Neck and Back Pain is pain felt in the back and neck that usually originates from the muscles, nerves, bones, joints or other structures in the spine. Back and neck pain may have a sudden onset or can be a chronic pain; it can be constant or intermittent, stay in one place or radiate to other areas. It may be a dull ache, or a sharp or piercing or burning sensation. The pain may radiate into the arms and hands as well as the legs or feet, and may include symptoms other than pain. These symptoms may include tingling, weakness or numbness. Back pain is one of humanity's most frequent complaints. The spine is a complex interconnecting network of nerves, joints, muscles, tendons and ligaments, all of which are capable of producing pain. Large nerves that originate in the spine and go to the legs and arms can make pain radiate to the extremities.

There are several potential sources and causes of back pain. However, the diagnosis of specific tissues of the spine as the cause of pain presents problems. This is because symptoms arising from different spinal tissues can feel very similar and is difficult to differentiate without the use of invasive diagnostic intervention procedures, such as local anesthetic blocks.

One potential source of back pain is skeletal muscle of the back. Potential causes of pain in muscle tissue include muscle strains (pulled muscles), muscle spasm, and muscle imbalances.

Another potential source of lower back pain is the synovial joints of the spine. These have been identified as the primary source of the pain in approximately one third of people with chronic low back pain, and in most people with neck pain following whiplash.

There are several common other potential sources and causes of back pain: these include spinal disc herniation and degenerative disc disease or spondylolisthesis, osteoarthritis (degenerative joint disease) and lumbar spinal stenosis, trauma, cancer, infection, fractures, and inflammatory disease. The anterior ligaments of the intervertebral disc are extremely sensitive, and even the slightest injury can cause significant pain. Radicular pain (sciatica) is distinguished from 'non-specific' back pain, and may be diagnosed without invasive diagnostic tests like MRI Scan. Back pain can be managed with medicines, rest and in some cases with surgical decompression.

Brain Tumor

Brain Tumor is an intracranial solid neoplasm, a tumor (defined as an abnormal growth of cells) within the brain. Brain tumors include all tumors inside the cranium or in the central spinal canal. They are created by an abnormal and uncontrolled cell division, usually in the brain itself, but also in lymphatic tissue, in blood vessels, in the cranial nerves, in the brain envelopes (meninges), skull, pituitary gland, or pineal gland. Within the brain itself, the involved cells may be neurons or glial cells (which include astrocytes, oligodendrocytes, and ependymal cells). Brain tumors may also spread from cancers primarily located in other organs (metastatic tumors).

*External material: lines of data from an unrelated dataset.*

(* Let $N\ge3$, $\mu\ge0$, let $K$ satisfy (K$\infty$) and $f$ satisfy (F$\infty$), and let $p>p_S(\beta)$. Let $t_1\in\mathbb{R}$ and let $\tilde w\in C^2(t_1,\infty)$ be a positive solution of $$\tilde w''+\tilde a\tilde w'-\tilde A^{p-1}\tilde w+\tilde L(t)\tilde w^p+\mu\tilde g(t)=0\quad(t>t_1)$$ with $0<\limsup_{t\to\infty}\tilde w(t)<\infty$. Then $\lim_{t\to\infty}\tilde w(t)=\tilde\gamma$ and $\lim_{t\to\infty}\tilde w'(t)=0$.
   Context: (K$\infty$): $K:(0,\infty)\to(0,\infty)$ is continuous and $K(r)=(k_\infty+o(1))r^{\beta}$ as $r\to\infty$ for some $\beta>-2$, $k_\infty>0$. (F$\infty$): $f:(0,\infty)\to[0,\infty)$ is continuous and $f(r)=O(r^{-q})$ as $r\to\infty$ for some $q>N$. $p_S(\beta)=\frac{N+2+2\beta}{N-2}$, $\tilde\theta:=\frac{2+\beta}{p-1}$, $\tilde c:=N-2-\tilde\theta$, $\tilde a:=N-2-2\tilde\theta$, $\tilde A:=(\tilde\theta\tilde c)^{1/(p-1)}$, $\tilde\gamma:=k_\infty^{-1/(p-1)}\tilde A$, $\tilde L(t):=e^{-\beta t}K(e^t)$, $\tilde g(t):=e^{(2+\tilde\theta)t}f(e^t)$. (This equation is satisfied by $\tilde w(t)=e^{\tilde\theta t}u(e^t)$ when $u$ solves $u''+\frac{N-1}{r}u'+K(r)u^p+\mu f(r)=0$.) *)

theory Defs
  imports "HOL-Analysis.Analysis" "HOL-Library.Landau_Symbols"
begin

definition pS :: "nat \<Rightarrow> real \<Rightarrow> real" where
  "pS N \<beta> = (real N + 2 + 2 * \<beta>) / (real N - 2)"

definition theta_t :: "real \<Rightarrow> real \<Rightarrow> real" where
  "theta_t \<beta> p = (2 + \<beta>) / (p - 1)"

definition c_t :: "nat \<Rightarrow> real \<Rightarrow> real \<Rightarrow> real" where
  "c_t N \<beta> p = real N - 2 - theta_t \<beta> p"

definition a_t :: "nat \<Rightarrow> real \<Rightarrow> real \<Rightarrow> real" where
  "a_t N \<beta> p = real N - 2 - 2 * theta_t \<beta> p"

definition A_t :: "nat \<Rightarrow> real \<Rightarrow> real \<Rightarrow> real" where
  "A_t N \<beta> p = (theta_t \<beta> p * c_t N \<beta> p) powr (1 / (p - 1))"

definition gamma_t :: "nat \<Rightarrow> real \<Rightarrow> real \<Rightarrow> real \<Rightarrow> real" where
  "gamma_t N \<beta> p kinf = kinf powr (- 1 / (p - 1)) * A_t N \<beta> p"

definition L_t :: "(real \<Rightarrow> real) \<Rightarrow> real \<Rightarrow> real \<Rightarrow> real" where
  "L_t K \<beta> t = exp (- \<beta> * t) * K (exp t)"

definition g_t :: "(real \<Rightarrow> real) \<Rightarrow> real \<Rightarrow> real \<Rightarrow> real \<Rightarrow> real" where
  "g_t f \<beta> p t = exp ((2 + theta_t \<beta> p) * t) * f (exp t)"

end

theory Submission
  imports Defs "HOL-Real_Asymp.Real_Asymp"
begin

text \<open>
  With \<open>k = kinf\<close> the equation reads \<open>w'' + a w' = \<alpha> w - k w\<^sup>p + e(t)\<close> with \<open>e(t) \<rightarrow> 0\<close>, and
  the force \<open>\<alpha> s - k s\<^sup>p\<close> vanishes on \<open>s \<ge> 0\<close> only at \<open>0\<close> and \<open>\<gamma>\<close>. The energy
  \<open>E = w'\<^sup>2/2 + F(w)\<close>, with \<open>F' = -(\<alpha> s - k s\<^sup>p)\<close>, satisfies \<open>E' = -a w'\<^sup>2 + e w'\<close>.
  Once \<open>|e| \<le> \<epsilon>\<close>, \<open>E\<close> rises at rate at most \<open>\<epsilon>\<^sup>2/(4a)\<close>; on a unit time window where \<open>w'\<close>
  stays small, \<open>w\<close> is close to \<open>0\<close> or \<open>\<gamma>\<close>, so \<open>E\<close> is close to a critical value \<open>0\<close> or
  \<open>F(\<gamma>)\<close>; otherwise the dissipation \<open>a w'\<^sup>2\<close> makes \<open>E\<close> drop by a fixed amount. Hence \<open>E\<close>
  cannot cross an interval of values avoiding the critical values, and being bounded it
  converges. Convergence of \<open>E\<close> forces \<open>w' \<rightarrow> 0\<close>, so \<open>w\<close> eventually stays near \<open>0\<close> or
  near \<open>\<gamma>\<close>; as \<open>w\<close> exceeds a fixed \<open>y0 > 0\<close> infinitely often and is continuous, it is
  trapped near \<open>\<gamma>\<close>.
\<close>

section \<open>Estimates for real functions\<close>

lemma subinterval_avoiding_finite_set:
  fixes x1 x2 :: real
  assumes "x1 < x2" and "finite S"
  obtains c1 c2 \<rho> where "x1 < c1" "c1 < c2" "c2 < x2" "0 < \<rho>"
    and "\<And>x s. c1 \<le> x \<Longrightarrow> x \<le> c2 \<Longrightarrow> s \<in> S \<Longrightarrow> \<rho> \<le> \<bar>x - s\<bar>"
proof -
  have "infinite ({x1<..<x2} - S)"
    using infinite_Ioo[OF assms(1)] assms(2) by (rule Diff_infinite_finite[rotated])
  then obtain c where c: "c \<in> {x1<..<x2} - S"
    by (metis ex_in_conv finite.emptyI)
  have "open ({x1<..<x2} - S)"
    using assms(2) by (intro open_Diff finite_imp_closed) auto
  then obtain \<delta> where \<delta>: "0 < \<delta>" "ball c \<delta> \<subseteq> {x1<..<x2} - S"
    using c by (meson openE)
  show thesis
  proof (rule that[of "c - \<delta> / 2" "c + \<delta> / 2" "\<delta> / 2"])
    have "{c - \<delta> / 2, c + \<delta> / 2} \<subseteq> ball c \<delta>"
      using \<delta>(1) by (auto simp: dist_real_def)
    then have "{c - \<delta> / 2, c + \<delta> / 2} \<subseteq> {x1<..<x2}"
      using \<delta>(2) by blast
    then show "x1 < c - \<delta> / 2" "c + \<delta> / 2 < x2"
      by auto
    show "c - \<delta> / 2 < c + \<delta> / 2" "0 < \<delta> / 2"
      using \<delta>(1) by auto
    fix x s assume "c - \<delta> / 2 \<le> x" "x \<le> c + \<delta> / 2" "s \<in> S"
    moreover have "s \<notin> ball c \<delta>"
      using \<delta>(2) \<open>s \<in> S\<close> by auto
    ultimately show "\<delta> / 2 \<le> \<bar>x - s\<bar>"
      by (auto simp: dist_real_def abs_if split: if_splits)
  qed
qed

lemma diff_le_of_DERIV_le:
  fixes f f' :: "real \<Rightarrow> real"
  assumes "a \<le> b"
    and "\<And>x. a \<le> x \<Longrightarrow> x \<le> b \<Longrightarrow> (f has_real_derivative f' x) (at x)"
    and "\<And>x. a \<le> x \<Longrightarrow> x \<le> b \<Longrightarrow> f' x \<le> C"
  shows "f b - f a \<le> C * (b - a)"
proof -
  have "f b - C * b \<le> f a - C * a"
  proof (rule DERIV_nonpos_imp_nonincreasing[OF assms(1), of "\<lambda>x. f x - C * x"])
    fix x assume "a \<le> x" "x \<le> b"
    then show "\<exists>d. ((\<lambda>x. f x - C * x) has_real_derivative d) (at x) \<and> d \<le> 0"
      using assms(2,3) by (intro exI[of _ "f' x - C"]) (auto intro!: derivative_eq_intros)
  qed
  then show ?thesis
    by (simp add: algebra_simps)
qed

lemma abs_diff_le_of_DERIV_bounded:
  fixes f f' :: "real \<Rightarrow> real"
  assumes "convex S" and "\<And>x. x \<in> S \<Longrightarrow> (f has_real_derivative f' x) (at x)"
    and "\<And>x. x \<in> S \<Longrightarrow> \<bar>f' x\<bar> \<le> B" and "x \<in> S" "y \<in> S"
  shows "\<bar>f x - f y\<bar> \<le> B * \<bar>x - y\<bar>"
proof -
  have "norm (f x - f y) \<le> B * norm (x - y)"
    by (rule field_differentiable_bound[OF assms(1) _ _ assms(4,5)])
      (auto intro: has_field_derivative_at_within assms(2) simp: assms(3))
  then show ?thesis
    by simp
qed

lemma le_max_of_damped_DERIV:
  fixes y y' :: "real \<Rightarrow> real"
  assumes "0 < a" and "T0 \<le> t"
    and DERIV_y: "\<And>s. T0 \<le> s \<Longrightarrow> (y has_real_derivative y' s) (at s)"
    and damped: "\<And>s. T0 \<le> s \<Longrightarrow> y' s + a * y s \<le> H"
  shows "y t \<le> max (y T0) (H / a)"
proof -
  define u where "u s = exp (a * s) * (y s - H / a)" for s
  have "u t \<le> u T0"
  proof (rule DERIV_nonpos_imp_nonincreasing[OF \<open>T0 \<le> t\<close>])
    fix s assume "T0 \<le> s" "s \<le> t"
    have "(u has_real_derivative exp (a * s) * (y' s + a * y s - H)) (at s)"
      unfolding u_def using DERIV_y[OF \<open>T0 \<le> s\<close>] \<open>0 < a\<close>
      by (auto intro!: derivative_eq_intros simp: field_simps)
    moreover have "exp (a * s) * (y' s + a * y s - H) \<le> 0"
      using damped[OF \<open>T0 \<le> s\<close>] by (simp add: mult_nonneg_nonpos)
    ultimately show "\<exists>d. (u has_real_derivative d) (at s) \<and> d \<le> 0"
      by blast
  qed
  then have "exp (a * t) * (y t - H / a) \<le> exp (a * T0) * max 0 (y T0 - H / a)"
    unfolding u_def by (elim order_trans) (intro mult_left_mono, auto)
  also have "\<dots> \<le> exp (a * t) * max 0 (y T0 - H / a)"
    using assms(1,2) by (intro mult_right_mono) auto
  finally show ?thesis
    by (simp add: mult_le_cancel_left)
qed

lemma abs_le_of_damped_DERIV:
  fixes y y' :: "real \<Rightarrow> real"
  assumes "0 < a" and "T0 \<le> t"
    and DERIV_y: "\<And>s. T0 \<le> s \<Longrightarrow> (y has_real_derivative y' s) (at s)"
    and damped: "\<And>s. T0 \<le> s \<Longrightarrow> \<bar>y' s + a * y s\<bar> \<le> H"
  shows "\<bar>y t\<bar> \<le> \<bar>y T0\<bar> + H / a"
proof -
  have "y t \<le> max (y T0) (H / a)"
    by (rule le_max_of_damped_DERIV[OF assms(1,2) DERIV_y]) (use damped in \<open>auto simp: abs_le_iff\<close>)
  moreover have "- y t \<le> max (- y T0) (H / a)"
    by (rule le_max_of_damped_DERIV[OF assms(1,2), of "\<lambda>s. - y s" "\<lambda>s. - y' s"])
      (use DERIV_y damped in \<open>auto intro: DERIV_minus simp: abs_le_iff\<close>)
  moreover have "0 \<le> H / a"
    using damped[of T0] assms(1) by simp
  ultimately show ?thesis
    by (simp add: abs_le_iff) linarith
qed

lemma dissipation_rate_le:
  fixes a b v \<epsilon> :: real
  assumes "0 < a" and "\<bar>b\<bar> \<le> \<epsilon>"
  shows "- a * v\<^sup>2 + b * v \<le> \<epsilon>\<^sup>2 / (4 * a)"
proof -
  have "4 * a * (- a * v\<^sup>2 + b * v) = b\<^sup>2 - (2 * a * v - b)\<^sup>2"
    by (simp add: power2_eq_square algebra_simps)
  also have "\<dots> \<le> b\<^sup>2"
    by simp
  also have "\<dots> \<le> \<epsilon>\<^sup>2"
    using assms(2) power_mono[of "\<bar>b\<bar>" \<epsilon> 2] by simp
  finally show ?thesis
    using assms(1) by (simp add: pos_le_divide_eq mult.commute)
qed

lemma dissipation_rate_le_neg:
  fixes a b v \<eta> :: real
  assumes "0 < a" and "0 < \<eta>" and "\<bar>b\<bar> \<le> a * \<eta> / 4" and "\<eta> / 2 \<le> \<bar>v\<bar>"
  shows "- a * v\<^sup>2 + b * v \<le> - (a * \<eta>\<^sup>2 / 8)"
proof -
  have "b * v \<le> \<bar>b\<bar> * \<bar>v\<bar>"
    by (simp add: abs_mult[symmetric])
  also have "\<dots> \<le> a * \<eta> / 4 * \<bar>v\<bar>"
    using assms(3) by (intro mult_right_mono) auto
  finally have "b * v \<le> a * \<eta> / 4 * \<bar>v\<bar>" .
  moreover have "0 \<le> a * ((\<bar>v\<bar> - \<eta> / 2) * (\<bar>v\<bar> + \<eta> / 4))"
    using assms by (intro mult_nonneg_nonneg) auto
  moreover have "a * ((\<bar>v\<bar> - \<eta> / 2) * (\<bar>v\<bar> + \<eta> / 4)) = a * v\<^sup>2 - a * \<eta> / 4 * \<bar>v\<bar> - a * \<eta>\<^sup>2 / 8"
    by (simp add: algebra_simps power2_eq_square)
  ultimately show ?thesis
    by linarith
qed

Any brain tumor is inherently serious and life-threatening because of its invasive and infiltrative character in the limited space of the intracranial cavity. Brain tumors or intracranial neoplasms can be cancerous (malignant) or non-cancerous (benign); however, the definitions of malignant or benign neoplasms differs from those commonly used in other types of cancerous or non-cancerous neoplasms in the body. Its threat level depends on the combination of factors like the type of tumor, its location, its size and its state of development. Because the brain is well protected by the skull, the early detection of a brain tumor occurs only when diagnostic tools are directed at the intracranial cavity. Usually detection occurs in advanced stages when the presence of the tumor has caused unexplained symptoms.